» **Exercise goal**:
Going down the data below, set down exactly the line with "(simp add: code_length_def)" and each line after it through the line with "(intro primrec_intros primrec_fn_code_tl_iterate"; no other lines.

» **Material for the task**:
▬▬▬▬▬▬

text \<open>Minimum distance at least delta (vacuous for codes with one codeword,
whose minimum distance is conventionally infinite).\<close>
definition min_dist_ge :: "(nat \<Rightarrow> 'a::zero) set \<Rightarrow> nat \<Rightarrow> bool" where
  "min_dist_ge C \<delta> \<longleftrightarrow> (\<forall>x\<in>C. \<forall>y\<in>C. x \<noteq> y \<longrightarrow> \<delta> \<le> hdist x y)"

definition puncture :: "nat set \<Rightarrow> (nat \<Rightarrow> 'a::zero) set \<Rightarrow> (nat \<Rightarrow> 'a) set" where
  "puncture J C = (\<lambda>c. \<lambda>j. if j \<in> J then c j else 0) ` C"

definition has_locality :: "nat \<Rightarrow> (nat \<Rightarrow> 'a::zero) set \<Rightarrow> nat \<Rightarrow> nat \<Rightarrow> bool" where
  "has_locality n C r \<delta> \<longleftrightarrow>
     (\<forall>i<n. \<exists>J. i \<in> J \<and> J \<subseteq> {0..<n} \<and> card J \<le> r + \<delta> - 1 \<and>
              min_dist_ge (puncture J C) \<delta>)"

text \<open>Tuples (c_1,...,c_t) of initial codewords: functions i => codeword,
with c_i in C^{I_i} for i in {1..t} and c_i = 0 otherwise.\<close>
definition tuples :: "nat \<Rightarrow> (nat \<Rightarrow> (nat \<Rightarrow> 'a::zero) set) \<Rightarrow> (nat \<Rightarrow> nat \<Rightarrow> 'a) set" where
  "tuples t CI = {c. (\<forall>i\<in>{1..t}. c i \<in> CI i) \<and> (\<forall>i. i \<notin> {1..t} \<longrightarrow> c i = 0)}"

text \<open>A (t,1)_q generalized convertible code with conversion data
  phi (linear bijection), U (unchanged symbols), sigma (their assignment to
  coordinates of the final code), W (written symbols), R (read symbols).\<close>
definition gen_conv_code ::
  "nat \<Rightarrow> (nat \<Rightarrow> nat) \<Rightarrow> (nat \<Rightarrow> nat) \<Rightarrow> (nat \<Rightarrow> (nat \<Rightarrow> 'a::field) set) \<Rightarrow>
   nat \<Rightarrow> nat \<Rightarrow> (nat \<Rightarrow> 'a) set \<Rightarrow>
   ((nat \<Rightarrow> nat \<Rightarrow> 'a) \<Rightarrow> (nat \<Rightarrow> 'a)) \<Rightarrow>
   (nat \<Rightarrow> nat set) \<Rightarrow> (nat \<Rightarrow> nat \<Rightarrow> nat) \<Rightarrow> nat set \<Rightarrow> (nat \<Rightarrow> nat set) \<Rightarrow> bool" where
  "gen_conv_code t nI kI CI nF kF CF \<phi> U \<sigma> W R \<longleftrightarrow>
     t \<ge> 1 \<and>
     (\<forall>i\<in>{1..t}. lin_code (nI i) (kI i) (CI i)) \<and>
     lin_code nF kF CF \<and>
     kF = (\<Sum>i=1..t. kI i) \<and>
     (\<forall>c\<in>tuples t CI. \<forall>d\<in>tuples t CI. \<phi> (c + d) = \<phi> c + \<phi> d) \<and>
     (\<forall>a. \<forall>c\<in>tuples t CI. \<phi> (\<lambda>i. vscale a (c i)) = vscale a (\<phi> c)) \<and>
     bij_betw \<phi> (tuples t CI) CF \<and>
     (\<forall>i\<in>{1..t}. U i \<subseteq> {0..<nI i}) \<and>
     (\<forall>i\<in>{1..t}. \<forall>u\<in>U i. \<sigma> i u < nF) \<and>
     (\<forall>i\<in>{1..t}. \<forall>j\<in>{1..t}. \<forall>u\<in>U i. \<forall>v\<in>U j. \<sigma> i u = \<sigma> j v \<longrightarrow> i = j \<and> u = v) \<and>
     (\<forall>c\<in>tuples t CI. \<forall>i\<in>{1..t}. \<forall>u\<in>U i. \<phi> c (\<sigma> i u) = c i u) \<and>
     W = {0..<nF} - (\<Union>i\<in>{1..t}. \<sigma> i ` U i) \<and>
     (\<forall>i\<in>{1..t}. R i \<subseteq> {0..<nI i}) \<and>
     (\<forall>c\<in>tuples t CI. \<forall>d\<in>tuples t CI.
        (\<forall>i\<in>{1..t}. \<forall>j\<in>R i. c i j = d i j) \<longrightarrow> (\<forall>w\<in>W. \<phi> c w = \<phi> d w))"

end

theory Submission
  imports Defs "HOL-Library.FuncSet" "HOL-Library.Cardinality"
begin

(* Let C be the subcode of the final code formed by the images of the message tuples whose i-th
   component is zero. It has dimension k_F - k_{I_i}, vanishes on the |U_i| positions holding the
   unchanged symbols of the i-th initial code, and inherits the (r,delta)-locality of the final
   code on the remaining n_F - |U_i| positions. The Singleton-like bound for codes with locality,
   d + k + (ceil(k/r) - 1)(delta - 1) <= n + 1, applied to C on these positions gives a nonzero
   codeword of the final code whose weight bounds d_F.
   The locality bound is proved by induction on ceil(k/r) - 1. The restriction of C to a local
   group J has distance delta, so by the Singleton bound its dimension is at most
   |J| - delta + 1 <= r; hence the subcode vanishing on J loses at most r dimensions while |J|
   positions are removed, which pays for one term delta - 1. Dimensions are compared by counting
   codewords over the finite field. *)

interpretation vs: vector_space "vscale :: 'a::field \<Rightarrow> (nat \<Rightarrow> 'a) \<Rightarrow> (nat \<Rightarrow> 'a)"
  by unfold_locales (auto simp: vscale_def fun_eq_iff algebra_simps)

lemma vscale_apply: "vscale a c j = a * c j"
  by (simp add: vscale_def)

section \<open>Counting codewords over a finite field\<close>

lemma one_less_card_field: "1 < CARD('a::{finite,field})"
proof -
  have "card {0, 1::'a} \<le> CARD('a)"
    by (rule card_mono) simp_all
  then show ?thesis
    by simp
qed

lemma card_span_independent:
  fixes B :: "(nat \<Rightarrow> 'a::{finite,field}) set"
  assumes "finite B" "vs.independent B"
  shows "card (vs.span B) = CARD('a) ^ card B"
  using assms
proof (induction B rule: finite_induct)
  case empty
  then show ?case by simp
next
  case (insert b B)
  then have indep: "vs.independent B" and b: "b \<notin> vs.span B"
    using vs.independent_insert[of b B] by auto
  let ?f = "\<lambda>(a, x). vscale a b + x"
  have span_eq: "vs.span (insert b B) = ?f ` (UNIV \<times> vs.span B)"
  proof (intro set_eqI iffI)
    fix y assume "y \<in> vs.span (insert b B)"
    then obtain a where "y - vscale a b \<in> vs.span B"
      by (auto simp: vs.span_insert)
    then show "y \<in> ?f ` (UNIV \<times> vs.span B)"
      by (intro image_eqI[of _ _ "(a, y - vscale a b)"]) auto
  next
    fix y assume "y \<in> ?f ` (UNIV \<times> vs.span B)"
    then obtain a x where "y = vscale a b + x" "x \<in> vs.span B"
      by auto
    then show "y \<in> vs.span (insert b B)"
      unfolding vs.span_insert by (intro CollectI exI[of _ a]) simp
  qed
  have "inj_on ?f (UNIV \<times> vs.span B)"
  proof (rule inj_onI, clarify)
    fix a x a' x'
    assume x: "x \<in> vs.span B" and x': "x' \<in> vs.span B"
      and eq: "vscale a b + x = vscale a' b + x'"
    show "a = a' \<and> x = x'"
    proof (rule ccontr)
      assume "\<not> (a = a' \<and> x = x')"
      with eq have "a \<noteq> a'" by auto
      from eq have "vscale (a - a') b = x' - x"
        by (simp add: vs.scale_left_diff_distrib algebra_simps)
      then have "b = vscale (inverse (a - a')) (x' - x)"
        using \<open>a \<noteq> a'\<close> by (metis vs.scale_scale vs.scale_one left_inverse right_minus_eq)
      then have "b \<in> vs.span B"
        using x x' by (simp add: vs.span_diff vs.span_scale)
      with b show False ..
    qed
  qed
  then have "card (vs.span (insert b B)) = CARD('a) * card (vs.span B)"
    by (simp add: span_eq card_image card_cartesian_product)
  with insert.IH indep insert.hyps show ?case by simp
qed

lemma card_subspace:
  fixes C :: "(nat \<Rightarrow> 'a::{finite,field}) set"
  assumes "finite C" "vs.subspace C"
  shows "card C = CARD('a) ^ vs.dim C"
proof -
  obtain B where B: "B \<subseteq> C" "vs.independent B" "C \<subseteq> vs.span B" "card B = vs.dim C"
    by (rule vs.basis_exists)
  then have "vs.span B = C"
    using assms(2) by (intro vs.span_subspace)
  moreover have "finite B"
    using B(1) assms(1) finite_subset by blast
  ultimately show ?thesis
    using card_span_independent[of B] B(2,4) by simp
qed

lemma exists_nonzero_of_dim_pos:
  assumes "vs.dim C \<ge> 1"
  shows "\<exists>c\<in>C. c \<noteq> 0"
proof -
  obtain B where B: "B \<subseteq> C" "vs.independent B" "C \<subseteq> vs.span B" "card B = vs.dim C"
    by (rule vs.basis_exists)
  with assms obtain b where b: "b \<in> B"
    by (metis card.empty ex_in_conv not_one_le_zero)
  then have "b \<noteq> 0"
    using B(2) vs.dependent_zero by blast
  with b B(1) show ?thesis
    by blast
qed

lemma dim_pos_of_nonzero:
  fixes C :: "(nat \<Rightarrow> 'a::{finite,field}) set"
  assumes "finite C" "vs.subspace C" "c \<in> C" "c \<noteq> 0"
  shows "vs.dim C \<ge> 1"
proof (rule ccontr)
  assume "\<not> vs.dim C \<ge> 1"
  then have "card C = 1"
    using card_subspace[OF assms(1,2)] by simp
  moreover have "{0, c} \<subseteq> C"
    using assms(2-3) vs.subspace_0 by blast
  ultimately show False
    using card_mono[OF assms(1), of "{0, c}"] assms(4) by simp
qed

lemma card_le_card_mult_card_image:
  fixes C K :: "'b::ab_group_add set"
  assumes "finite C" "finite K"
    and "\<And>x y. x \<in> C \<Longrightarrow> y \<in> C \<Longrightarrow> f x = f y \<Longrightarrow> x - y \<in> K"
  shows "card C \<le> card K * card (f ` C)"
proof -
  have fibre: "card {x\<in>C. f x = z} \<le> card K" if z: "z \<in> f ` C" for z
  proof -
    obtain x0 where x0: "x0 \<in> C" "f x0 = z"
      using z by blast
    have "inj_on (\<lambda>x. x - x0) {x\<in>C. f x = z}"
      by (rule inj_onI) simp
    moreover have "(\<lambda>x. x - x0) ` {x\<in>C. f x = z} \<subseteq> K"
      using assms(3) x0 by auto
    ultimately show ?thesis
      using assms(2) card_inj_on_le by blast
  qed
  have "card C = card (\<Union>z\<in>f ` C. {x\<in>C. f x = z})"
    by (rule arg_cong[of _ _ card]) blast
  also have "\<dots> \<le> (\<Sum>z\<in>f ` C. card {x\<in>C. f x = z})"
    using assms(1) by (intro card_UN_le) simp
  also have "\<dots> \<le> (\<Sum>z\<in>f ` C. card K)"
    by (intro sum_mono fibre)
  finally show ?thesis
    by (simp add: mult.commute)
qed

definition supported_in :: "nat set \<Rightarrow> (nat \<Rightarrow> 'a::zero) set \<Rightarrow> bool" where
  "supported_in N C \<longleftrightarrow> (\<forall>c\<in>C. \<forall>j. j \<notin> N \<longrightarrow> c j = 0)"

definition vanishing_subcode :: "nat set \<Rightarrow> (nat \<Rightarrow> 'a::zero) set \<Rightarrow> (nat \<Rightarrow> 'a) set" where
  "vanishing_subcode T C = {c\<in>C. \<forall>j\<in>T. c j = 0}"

▬▬▬▬▬▬

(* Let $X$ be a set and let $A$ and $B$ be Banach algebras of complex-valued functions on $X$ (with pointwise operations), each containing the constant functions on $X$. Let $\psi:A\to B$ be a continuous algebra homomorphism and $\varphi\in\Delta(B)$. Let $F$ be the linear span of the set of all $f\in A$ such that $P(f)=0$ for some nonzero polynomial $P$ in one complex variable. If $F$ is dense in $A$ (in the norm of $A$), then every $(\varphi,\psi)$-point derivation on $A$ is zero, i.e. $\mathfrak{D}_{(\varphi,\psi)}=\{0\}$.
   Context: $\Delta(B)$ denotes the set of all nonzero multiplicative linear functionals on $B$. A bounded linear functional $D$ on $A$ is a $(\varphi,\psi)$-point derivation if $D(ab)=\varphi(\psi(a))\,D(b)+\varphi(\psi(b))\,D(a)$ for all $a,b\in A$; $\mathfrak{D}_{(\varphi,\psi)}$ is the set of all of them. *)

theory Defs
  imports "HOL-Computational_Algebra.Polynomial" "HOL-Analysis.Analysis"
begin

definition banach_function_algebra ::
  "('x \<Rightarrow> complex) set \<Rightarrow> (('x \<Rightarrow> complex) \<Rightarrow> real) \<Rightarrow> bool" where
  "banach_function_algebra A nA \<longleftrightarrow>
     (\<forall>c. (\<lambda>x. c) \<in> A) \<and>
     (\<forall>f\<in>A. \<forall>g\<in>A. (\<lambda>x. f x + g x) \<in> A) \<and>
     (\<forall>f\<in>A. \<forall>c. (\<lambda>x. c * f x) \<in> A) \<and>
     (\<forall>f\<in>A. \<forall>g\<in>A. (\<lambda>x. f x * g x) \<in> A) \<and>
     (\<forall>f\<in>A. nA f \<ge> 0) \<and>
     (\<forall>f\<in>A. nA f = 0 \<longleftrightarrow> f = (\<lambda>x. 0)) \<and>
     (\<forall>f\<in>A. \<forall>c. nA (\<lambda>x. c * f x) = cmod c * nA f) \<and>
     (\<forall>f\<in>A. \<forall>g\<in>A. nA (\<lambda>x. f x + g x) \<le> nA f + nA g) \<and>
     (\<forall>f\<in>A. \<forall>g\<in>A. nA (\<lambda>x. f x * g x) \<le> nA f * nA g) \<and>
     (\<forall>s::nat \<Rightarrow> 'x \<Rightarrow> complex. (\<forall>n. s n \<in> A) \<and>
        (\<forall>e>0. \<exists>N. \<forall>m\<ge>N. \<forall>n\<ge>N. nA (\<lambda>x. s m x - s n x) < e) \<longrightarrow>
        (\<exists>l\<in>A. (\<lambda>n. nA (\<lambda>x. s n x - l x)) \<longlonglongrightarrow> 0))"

▬▬▬▬▬▬

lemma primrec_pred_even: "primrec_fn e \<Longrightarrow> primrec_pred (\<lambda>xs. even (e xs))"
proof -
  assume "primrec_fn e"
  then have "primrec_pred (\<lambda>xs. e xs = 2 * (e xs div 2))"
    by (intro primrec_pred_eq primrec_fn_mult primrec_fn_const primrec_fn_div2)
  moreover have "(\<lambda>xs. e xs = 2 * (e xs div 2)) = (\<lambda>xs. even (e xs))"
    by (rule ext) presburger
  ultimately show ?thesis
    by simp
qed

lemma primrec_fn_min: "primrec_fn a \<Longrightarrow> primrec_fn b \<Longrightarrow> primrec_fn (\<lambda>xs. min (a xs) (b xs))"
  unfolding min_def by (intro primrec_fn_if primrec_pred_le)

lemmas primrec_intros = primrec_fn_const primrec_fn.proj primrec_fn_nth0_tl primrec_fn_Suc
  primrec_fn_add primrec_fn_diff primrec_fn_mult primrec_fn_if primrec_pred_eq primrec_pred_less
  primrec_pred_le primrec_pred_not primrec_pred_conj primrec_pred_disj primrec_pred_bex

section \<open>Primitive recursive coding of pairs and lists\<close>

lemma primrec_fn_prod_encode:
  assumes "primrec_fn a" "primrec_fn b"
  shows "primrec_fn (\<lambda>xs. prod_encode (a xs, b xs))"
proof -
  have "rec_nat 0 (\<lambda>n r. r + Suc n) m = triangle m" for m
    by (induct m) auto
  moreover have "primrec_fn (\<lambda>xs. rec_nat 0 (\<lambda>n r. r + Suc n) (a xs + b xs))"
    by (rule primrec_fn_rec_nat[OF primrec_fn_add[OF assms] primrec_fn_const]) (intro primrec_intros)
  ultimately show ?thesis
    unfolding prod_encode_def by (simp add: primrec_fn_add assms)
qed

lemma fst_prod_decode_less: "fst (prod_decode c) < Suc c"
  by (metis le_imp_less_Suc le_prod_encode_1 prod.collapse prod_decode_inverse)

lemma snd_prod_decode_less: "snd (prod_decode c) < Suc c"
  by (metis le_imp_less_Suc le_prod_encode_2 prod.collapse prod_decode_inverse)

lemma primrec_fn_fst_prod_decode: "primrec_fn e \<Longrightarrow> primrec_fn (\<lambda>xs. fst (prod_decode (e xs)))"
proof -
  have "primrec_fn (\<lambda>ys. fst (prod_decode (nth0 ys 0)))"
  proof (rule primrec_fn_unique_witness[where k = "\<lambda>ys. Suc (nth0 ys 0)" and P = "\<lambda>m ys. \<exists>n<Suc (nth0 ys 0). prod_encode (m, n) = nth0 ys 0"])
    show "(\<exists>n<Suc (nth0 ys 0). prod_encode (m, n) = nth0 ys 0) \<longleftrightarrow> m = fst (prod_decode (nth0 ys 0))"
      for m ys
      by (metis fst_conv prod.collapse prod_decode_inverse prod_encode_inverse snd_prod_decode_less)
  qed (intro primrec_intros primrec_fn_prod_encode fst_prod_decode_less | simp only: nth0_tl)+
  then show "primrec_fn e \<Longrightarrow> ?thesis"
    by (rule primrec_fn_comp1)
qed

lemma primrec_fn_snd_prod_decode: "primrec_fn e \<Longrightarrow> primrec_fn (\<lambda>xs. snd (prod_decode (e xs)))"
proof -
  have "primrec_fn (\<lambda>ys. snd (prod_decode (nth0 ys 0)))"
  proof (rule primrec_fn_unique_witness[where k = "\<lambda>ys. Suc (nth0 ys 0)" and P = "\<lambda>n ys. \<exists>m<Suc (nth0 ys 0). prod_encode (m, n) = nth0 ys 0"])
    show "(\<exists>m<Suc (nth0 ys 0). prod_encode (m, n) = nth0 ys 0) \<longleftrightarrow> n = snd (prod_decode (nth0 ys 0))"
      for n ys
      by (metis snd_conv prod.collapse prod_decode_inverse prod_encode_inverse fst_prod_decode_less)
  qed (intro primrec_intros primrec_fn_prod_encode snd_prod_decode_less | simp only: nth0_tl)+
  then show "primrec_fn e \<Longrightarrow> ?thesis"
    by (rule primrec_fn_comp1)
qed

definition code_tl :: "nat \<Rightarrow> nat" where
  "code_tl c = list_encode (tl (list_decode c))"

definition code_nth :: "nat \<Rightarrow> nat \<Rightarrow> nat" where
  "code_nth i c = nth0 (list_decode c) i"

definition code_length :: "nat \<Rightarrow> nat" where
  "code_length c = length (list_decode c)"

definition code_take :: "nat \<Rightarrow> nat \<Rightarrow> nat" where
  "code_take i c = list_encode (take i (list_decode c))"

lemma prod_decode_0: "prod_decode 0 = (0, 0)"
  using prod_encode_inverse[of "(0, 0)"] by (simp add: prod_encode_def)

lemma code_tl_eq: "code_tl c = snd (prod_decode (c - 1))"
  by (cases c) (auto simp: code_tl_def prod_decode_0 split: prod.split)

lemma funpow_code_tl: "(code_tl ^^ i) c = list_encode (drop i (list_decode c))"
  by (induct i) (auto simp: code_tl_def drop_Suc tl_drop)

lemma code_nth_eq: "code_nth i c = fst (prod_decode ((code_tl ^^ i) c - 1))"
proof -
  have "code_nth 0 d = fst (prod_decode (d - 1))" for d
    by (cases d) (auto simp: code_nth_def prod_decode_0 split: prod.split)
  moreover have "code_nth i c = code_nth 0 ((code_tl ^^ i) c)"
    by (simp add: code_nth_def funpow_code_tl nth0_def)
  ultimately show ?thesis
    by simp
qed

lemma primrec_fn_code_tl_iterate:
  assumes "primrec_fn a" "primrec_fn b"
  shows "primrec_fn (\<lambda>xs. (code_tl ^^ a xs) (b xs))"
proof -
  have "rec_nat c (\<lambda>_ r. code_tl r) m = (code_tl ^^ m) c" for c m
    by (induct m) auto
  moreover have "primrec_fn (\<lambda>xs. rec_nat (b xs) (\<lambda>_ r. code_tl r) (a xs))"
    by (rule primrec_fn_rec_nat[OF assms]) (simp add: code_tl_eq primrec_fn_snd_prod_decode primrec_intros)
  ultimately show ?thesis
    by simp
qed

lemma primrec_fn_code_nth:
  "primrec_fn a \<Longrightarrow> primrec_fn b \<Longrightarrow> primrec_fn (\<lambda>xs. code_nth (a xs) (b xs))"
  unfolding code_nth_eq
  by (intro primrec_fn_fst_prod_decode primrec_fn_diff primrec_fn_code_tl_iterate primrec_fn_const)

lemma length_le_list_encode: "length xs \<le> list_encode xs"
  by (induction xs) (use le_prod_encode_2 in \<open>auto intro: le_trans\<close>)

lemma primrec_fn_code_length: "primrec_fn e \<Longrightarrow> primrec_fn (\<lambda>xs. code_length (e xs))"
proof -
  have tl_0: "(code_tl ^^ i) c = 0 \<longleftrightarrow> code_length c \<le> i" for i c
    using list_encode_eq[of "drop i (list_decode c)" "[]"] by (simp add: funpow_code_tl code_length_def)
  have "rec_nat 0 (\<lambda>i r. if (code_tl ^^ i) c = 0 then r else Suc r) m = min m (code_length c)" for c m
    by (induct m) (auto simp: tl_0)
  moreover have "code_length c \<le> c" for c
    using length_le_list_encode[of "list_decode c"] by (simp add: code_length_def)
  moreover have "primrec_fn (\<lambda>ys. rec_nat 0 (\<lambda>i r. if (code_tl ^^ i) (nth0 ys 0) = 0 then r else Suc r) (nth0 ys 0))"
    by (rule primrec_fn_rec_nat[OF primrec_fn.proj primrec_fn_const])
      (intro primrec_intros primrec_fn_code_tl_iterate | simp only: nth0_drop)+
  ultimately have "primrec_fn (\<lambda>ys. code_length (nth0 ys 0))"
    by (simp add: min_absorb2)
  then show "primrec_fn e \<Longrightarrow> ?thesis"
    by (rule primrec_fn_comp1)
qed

▬▬▬▬▬▬

» **Task output**:
    using length_le_list_encode[of "list_decode c"] by (simp add: code_length_def)
  moreover have "primrec_fn (\<lambda>ys. rec_nat 0 (\<lambda>i r. if (code_tl ^^ i) (nth0 ys 0) = 0 then r else Suc r) (nth0 ys 0))"
    by (rule primrec_fn_rec_nat[OF primrec_fn.proj primrec_fn_const])
      (intro primrec_intros primrec_fn_code_tl_iterate | simp only: nth0_drop)+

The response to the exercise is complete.